### TASK DIRECTIONS
All lines below containing the string "otimes" are to be copied.
·····
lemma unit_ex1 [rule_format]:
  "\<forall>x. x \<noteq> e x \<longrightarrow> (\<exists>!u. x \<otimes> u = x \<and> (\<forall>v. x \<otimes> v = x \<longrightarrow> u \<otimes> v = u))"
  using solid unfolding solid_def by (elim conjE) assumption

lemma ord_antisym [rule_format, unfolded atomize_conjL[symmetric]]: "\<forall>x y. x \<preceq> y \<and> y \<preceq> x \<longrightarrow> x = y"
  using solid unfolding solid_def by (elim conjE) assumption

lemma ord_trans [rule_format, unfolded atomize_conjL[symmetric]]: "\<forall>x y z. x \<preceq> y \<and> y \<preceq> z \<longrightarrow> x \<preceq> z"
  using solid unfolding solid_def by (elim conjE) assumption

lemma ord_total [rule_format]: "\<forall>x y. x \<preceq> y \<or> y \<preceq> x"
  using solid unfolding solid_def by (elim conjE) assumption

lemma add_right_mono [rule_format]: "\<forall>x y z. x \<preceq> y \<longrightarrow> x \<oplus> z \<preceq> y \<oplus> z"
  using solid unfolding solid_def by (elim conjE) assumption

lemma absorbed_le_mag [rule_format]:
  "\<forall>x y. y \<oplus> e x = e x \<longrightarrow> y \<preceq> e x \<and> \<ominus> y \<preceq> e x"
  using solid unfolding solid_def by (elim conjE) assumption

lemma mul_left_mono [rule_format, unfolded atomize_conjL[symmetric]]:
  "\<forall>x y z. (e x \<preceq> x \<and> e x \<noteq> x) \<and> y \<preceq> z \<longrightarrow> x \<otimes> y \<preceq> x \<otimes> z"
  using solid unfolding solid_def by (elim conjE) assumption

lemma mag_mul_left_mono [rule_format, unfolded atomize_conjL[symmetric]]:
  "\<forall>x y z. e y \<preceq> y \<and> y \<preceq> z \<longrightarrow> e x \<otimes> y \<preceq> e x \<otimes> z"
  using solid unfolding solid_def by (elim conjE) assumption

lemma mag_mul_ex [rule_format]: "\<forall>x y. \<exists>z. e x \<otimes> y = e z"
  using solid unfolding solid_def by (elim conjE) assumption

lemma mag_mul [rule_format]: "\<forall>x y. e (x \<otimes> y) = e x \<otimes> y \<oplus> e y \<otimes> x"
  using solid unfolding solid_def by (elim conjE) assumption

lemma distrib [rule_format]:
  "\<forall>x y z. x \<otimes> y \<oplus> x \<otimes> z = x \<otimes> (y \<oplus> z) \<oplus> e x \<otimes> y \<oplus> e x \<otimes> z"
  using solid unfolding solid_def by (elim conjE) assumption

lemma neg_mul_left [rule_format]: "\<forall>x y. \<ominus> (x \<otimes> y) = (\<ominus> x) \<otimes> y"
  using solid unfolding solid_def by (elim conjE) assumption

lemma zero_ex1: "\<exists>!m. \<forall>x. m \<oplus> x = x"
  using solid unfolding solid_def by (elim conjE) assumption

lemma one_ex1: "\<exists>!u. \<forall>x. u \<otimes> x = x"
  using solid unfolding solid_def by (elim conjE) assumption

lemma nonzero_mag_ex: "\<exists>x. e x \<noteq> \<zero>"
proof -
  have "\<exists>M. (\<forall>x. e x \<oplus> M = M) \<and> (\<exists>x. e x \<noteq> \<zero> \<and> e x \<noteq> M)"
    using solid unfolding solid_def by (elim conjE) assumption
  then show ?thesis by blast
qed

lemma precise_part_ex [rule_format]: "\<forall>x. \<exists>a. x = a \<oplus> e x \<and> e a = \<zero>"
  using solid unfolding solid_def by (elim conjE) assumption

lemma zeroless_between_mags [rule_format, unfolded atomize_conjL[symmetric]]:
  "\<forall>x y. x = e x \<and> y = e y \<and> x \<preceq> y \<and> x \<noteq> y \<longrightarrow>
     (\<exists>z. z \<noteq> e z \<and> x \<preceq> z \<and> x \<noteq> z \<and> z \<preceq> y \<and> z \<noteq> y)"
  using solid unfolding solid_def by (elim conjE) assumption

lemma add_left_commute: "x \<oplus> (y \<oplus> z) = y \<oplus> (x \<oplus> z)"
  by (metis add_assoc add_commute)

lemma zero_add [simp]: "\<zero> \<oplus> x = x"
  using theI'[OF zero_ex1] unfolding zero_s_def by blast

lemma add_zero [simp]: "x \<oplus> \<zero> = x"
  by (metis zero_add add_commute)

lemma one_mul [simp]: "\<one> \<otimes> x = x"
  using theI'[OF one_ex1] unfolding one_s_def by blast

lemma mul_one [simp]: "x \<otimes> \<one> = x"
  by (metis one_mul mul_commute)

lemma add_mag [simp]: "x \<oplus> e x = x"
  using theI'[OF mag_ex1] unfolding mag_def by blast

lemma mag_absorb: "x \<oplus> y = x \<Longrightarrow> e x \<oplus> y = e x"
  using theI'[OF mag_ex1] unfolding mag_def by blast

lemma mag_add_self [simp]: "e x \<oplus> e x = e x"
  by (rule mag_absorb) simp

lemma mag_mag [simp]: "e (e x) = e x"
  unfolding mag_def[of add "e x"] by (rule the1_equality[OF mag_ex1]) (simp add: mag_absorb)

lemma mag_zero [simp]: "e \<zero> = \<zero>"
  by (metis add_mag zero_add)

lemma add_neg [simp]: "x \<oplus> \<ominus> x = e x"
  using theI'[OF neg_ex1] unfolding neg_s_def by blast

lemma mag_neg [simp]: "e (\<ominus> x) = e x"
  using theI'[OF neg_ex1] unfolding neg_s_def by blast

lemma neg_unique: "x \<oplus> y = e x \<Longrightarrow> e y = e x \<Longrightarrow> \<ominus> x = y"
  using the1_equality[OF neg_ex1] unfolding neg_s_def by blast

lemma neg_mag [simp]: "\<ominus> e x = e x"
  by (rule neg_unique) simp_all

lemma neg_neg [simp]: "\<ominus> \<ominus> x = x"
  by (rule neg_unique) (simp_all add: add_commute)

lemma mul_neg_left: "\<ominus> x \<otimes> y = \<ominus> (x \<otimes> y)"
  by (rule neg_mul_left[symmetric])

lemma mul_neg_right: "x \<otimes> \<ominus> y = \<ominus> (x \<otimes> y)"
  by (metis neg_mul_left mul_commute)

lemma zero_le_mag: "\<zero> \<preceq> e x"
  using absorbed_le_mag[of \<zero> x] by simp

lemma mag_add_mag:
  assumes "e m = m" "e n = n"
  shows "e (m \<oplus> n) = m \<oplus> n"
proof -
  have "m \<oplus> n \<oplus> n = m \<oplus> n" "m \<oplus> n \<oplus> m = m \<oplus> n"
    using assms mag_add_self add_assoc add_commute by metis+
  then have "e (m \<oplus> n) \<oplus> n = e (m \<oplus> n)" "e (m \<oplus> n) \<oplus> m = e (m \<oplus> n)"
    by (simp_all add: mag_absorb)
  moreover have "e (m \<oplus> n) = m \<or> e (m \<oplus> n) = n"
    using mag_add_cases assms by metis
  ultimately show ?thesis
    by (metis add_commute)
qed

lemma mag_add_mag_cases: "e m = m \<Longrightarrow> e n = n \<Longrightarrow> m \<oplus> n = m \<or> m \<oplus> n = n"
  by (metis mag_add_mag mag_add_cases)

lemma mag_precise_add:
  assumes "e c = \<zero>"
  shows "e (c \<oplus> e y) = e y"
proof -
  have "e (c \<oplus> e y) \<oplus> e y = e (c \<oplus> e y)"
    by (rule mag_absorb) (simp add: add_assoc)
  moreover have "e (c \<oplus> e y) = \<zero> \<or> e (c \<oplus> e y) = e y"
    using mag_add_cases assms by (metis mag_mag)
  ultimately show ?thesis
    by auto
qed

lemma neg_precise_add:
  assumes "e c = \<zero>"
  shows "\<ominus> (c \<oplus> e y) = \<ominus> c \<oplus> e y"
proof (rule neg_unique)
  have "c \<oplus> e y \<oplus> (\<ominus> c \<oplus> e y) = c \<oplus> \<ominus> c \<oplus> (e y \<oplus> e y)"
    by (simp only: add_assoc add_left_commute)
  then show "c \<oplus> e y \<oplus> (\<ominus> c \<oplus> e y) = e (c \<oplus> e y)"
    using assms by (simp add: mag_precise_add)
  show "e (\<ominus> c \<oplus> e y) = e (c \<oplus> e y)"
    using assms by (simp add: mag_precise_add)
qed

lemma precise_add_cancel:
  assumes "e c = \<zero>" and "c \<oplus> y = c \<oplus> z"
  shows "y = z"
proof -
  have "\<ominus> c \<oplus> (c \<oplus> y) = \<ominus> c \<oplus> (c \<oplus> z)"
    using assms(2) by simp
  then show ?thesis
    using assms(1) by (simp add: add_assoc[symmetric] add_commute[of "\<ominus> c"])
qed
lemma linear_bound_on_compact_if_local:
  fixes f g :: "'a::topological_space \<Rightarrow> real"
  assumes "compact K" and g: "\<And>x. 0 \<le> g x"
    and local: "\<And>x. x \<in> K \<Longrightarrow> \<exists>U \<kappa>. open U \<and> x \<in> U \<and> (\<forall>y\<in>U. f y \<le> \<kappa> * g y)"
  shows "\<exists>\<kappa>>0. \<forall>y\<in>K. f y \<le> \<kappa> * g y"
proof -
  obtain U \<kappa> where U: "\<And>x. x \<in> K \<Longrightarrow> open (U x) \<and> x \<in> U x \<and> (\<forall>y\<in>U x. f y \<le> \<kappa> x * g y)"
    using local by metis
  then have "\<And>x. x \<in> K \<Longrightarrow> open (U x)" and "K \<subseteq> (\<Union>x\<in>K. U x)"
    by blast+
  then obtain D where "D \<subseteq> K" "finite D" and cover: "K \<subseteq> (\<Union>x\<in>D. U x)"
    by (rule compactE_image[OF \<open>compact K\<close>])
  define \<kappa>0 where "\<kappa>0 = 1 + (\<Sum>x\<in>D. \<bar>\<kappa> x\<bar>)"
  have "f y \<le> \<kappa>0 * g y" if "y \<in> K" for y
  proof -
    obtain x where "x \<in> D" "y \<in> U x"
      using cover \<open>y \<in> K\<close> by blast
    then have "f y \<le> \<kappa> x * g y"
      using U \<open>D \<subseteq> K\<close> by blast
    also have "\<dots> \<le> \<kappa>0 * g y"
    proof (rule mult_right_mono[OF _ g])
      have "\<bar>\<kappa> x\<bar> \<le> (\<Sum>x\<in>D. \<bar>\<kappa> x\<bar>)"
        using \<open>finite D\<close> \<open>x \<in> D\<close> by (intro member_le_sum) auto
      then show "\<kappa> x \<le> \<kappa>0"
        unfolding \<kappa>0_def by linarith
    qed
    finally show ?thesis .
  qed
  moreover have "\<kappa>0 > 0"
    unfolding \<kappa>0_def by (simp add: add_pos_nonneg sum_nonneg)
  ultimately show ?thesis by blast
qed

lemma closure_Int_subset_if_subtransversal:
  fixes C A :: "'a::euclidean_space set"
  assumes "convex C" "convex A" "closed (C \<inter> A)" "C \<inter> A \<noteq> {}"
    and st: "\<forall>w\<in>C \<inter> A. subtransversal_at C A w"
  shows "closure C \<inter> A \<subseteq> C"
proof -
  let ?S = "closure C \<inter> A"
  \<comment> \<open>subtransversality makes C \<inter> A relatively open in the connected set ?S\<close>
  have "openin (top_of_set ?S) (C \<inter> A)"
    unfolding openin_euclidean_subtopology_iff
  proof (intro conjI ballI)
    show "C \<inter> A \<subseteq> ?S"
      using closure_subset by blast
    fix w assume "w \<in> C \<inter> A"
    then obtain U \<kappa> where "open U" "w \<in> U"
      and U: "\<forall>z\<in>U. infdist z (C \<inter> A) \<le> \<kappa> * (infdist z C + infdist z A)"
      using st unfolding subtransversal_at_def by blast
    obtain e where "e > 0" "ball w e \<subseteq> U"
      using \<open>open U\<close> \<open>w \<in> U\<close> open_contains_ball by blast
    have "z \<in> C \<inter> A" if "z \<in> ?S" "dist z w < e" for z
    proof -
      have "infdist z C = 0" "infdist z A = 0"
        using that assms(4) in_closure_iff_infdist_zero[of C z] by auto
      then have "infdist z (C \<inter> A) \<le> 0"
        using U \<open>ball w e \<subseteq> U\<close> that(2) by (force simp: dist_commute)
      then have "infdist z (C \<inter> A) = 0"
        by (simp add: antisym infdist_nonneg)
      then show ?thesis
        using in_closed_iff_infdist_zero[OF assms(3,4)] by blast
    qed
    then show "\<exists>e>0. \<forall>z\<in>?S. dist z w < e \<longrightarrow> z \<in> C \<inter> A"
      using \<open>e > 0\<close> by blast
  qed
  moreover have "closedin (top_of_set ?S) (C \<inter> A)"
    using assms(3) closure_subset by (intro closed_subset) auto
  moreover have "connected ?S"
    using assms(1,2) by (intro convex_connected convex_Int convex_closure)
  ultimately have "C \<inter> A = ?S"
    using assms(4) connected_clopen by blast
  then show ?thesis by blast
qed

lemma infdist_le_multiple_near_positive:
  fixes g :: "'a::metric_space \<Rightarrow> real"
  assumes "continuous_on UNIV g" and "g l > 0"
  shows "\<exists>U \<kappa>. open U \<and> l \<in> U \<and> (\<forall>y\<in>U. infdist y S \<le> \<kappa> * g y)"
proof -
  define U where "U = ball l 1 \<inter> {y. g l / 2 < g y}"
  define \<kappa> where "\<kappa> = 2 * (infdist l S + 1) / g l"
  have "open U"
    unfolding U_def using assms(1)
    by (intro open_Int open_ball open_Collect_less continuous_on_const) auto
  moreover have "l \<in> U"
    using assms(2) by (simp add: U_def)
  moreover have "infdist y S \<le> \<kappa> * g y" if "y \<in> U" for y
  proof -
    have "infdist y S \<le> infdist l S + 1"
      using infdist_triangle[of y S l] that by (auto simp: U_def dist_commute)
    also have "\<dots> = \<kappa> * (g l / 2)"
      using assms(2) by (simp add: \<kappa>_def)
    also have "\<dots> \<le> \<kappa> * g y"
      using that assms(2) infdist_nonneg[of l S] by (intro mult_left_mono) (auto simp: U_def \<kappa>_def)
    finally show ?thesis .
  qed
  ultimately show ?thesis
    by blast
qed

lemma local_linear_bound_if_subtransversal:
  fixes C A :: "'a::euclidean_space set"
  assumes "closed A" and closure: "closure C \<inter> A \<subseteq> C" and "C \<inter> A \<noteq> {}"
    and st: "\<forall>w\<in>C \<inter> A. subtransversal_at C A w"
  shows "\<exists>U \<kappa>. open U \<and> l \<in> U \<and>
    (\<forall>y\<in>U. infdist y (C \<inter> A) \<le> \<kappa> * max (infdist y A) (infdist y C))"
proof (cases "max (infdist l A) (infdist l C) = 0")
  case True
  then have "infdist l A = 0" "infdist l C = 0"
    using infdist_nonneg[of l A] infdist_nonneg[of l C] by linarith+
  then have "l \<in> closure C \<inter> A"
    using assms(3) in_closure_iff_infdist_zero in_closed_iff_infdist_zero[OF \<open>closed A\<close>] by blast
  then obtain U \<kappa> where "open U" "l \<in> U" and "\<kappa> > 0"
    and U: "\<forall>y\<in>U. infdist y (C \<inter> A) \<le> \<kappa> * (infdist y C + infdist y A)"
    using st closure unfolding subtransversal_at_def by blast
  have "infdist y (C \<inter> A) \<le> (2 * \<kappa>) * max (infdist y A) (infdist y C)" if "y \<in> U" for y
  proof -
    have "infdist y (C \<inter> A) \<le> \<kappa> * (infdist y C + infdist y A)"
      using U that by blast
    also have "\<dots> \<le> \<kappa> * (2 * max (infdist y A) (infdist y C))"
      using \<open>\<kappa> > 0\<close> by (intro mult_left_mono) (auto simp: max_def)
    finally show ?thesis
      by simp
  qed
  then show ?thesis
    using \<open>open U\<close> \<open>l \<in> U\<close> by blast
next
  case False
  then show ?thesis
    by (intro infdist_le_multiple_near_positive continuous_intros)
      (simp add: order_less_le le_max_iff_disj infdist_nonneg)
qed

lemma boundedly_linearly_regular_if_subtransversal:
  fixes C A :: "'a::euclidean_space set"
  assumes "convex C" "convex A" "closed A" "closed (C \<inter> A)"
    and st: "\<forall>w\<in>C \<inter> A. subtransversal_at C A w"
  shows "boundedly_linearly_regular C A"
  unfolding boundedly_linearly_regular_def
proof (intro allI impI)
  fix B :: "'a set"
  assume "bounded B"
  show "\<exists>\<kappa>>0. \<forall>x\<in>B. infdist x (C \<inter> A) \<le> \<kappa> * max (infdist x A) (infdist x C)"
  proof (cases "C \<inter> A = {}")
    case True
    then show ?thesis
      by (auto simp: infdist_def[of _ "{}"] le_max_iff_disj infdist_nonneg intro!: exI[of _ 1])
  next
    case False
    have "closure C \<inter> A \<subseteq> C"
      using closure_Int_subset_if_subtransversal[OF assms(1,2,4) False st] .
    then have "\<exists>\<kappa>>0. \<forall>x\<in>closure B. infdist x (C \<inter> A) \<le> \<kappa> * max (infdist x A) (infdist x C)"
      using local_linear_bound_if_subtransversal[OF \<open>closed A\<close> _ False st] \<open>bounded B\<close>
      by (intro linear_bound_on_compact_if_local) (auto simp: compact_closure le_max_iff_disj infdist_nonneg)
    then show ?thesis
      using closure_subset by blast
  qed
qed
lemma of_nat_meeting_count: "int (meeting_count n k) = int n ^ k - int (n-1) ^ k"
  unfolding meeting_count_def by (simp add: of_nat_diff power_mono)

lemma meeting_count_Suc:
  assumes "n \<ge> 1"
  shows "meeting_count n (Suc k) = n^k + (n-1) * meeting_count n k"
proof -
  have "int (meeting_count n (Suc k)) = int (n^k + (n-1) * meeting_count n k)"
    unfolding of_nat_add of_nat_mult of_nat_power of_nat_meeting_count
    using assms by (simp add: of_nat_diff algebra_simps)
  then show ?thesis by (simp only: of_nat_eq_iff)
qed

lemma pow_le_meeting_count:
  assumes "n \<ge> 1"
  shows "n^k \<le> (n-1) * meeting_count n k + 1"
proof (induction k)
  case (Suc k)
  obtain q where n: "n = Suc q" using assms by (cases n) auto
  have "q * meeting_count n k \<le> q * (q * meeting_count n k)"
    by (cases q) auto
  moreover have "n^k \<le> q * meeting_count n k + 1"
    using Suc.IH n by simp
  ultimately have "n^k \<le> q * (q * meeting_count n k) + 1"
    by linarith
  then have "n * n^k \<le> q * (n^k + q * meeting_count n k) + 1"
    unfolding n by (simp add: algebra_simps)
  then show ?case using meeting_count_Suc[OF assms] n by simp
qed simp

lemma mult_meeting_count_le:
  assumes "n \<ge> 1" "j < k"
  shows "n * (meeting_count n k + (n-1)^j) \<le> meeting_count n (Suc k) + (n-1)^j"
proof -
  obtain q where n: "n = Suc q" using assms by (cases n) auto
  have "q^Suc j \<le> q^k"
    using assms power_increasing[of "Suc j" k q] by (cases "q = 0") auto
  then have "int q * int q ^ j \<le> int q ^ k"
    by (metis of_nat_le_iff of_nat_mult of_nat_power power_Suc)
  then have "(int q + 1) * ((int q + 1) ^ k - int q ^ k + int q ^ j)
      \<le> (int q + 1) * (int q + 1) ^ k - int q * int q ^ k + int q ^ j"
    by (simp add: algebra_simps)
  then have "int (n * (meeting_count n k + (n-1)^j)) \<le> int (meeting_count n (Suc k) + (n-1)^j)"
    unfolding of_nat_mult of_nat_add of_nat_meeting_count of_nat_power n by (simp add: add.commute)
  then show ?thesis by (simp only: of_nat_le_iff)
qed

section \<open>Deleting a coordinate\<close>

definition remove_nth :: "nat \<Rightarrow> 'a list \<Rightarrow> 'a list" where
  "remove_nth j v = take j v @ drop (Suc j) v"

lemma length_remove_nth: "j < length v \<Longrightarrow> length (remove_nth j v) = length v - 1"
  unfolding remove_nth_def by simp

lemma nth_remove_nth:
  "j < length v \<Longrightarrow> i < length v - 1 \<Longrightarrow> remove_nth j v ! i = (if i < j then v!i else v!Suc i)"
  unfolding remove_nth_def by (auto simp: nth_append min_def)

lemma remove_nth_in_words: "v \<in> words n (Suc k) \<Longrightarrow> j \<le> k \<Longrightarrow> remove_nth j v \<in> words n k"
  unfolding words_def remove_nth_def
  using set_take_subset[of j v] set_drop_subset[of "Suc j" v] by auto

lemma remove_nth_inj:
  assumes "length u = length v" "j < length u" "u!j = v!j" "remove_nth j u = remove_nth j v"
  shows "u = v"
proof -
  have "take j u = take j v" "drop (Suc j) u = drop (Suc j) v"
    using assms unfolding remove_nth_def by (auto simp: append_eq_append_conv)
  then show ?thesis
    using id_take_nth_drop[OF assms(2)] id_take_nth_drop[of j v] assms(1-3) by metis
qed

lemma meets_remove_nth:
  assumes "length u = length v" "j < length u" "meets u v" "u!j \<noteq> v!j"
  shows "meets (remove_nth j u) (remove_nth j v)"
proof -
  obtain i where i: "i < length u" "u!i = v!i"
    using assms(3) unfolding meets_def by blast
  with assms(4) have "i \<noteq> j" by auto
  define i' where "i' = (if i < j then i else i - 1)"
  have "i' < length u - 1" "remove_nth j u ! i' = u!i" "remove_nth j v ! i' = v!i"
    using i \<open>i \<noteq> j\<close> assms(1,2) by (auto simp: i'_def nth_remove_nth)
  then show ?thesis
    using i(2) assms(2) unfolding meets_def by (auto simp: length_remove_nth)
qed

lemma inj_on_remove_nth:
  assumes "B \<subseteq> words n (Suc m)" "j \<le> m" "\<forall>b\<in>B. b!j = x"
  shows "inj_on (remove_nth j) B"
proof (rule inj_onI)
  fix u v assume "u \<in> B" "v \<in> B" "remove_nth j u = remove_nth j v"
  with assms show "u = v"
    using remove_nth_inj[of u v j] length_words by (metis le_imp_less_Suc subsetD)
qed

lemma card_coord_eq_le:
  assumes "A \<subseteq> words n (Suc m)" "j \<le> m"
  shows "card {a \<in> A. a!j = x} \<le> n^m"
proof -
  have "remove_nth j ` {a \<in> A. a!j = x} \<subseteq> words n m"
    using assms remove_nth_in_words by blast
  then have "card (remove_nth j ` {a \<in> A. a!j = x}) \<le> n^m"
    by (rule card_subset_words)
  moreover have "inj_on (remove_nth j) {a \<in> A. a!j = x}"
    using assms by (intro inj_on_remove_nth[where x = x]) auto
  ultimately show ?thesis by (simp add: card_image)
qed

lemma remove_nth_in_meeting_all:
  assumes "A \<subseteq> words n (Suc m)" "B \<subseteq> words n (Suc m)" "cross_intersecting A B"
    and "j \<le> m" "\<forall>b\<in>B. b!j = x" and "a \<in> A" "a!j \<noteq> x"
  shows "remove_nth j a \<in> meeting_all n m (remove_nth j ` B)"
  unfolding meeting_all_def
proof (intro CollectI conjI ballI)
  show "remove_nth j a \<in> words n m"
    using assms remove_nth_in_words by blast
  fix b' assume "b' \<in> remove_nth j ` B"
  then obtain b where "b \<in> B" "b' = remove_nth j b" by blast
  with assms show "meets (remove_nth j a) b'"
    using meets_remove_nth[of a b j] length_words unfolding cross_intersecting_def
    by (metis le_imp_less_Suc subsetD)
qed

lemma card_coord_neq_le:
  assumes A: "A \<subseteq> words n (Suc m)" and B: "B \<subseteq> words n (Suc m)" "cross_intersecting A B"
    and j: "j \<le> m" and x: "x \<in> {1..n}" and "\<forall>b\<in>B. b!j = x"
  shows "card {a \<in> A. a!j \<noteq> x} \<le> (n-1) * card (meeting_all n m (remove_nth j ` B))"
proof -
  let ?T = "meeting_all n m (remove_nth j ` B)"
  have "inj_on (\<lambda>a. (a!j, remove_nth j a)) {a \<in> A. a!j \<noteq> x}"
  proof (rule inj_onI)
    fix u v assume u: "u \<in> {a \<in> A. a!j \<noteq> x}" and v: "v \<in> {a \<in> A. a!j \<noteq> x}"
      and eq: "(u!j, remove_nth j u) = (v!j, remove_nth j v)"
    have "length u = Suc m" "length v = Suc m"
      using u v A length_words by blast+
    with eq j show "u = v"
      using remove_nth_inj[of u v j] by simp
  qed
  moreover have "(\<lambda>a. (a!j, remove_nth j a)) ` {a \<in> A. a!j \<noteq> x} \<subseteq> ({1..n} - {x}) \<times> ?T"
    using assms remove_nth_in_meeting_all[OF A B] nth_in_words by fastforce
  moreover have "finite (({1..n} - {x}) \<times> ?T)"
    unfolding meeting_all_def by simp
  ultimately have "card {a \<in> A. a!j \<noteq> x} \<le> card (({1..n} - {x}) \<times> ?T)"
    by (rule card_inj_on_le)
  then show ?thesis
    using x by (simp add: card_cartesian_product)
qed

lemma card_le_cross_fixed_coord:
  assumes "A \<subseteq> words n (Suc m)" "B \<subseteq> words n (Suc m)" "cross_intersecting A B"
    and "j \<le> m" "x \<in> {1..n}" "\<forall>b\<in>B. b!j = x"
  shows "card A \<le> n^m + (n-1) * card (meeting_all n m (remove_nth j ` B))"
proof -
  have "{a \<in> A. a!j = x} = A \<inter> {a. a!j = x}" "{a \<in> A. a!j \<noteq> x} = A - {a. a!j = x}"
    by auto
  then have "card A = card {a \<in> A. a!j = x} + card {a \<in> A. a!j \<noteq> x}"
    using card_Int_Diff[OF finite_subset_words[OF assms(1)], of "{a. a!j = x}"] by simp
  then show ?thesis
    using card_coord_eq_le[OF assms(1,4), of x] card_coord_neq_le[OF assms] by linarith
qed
·····
### EXPECTED ANSWER
  "\<forall>x. x \<noteq> e x \<longrightarrow> (\<exists>!u. x \<otimes> u = x \<and> (\<forall>v. x \<otimes> v = x \<longrightarrow> u \<otimes> v = u))"
  "\<forall>x y z. (e x \<preceq> x \<and> e x \<noteq> x) \<and> y \<preceq> z \<longrightarrow> x \<otimes> y \<preceq> x \<otimes> z"
  "\<forall>x y z. e y \<preceq> y \<and> y \<preceq> z \<longrightarrow> e x \<otimes> y \<preceq> e x \<otimes> z"
lemma mag_mul_ex [rule_format]: "\<forall>x y. \<exists>z. e x \<otimes> y = e z"
lemma mag_mul [rule_format]: "\<forall>x y. e (x \<otimes> y) = e x \<otimes> y \<oplus> e y \<otimes> x"
  "\<forall>x y z. x \<otimes> y \<oplus> x \<otimes> z = x \<otimes> (y \<oplus> z) \<oplus> e x \<otimes> y \<oplus> e x \<otimes> z"
lemma neg_mul_left [rule_format]: "\<forall>x y. \<ominus> (x \<otimes> y) = (\<ominus> x) \<otimes> y"
lemma one_ex1: "\<exists>!u. \<forall>x. u \<otimes> x = x"
lemma one_mul [simp]: "\<one> \<otimes> x = x"
lemma mul_one [simp]: "x \<otimes> \<one> = x"
lemma mul_neg_left: "\<ominus> x \<otimes> y = \<ominus> (x \<otimes> y)"
lemma mul_neg_right: "x \<otimes> \<ominus> y = \<ominus> (x \<otimes> y)"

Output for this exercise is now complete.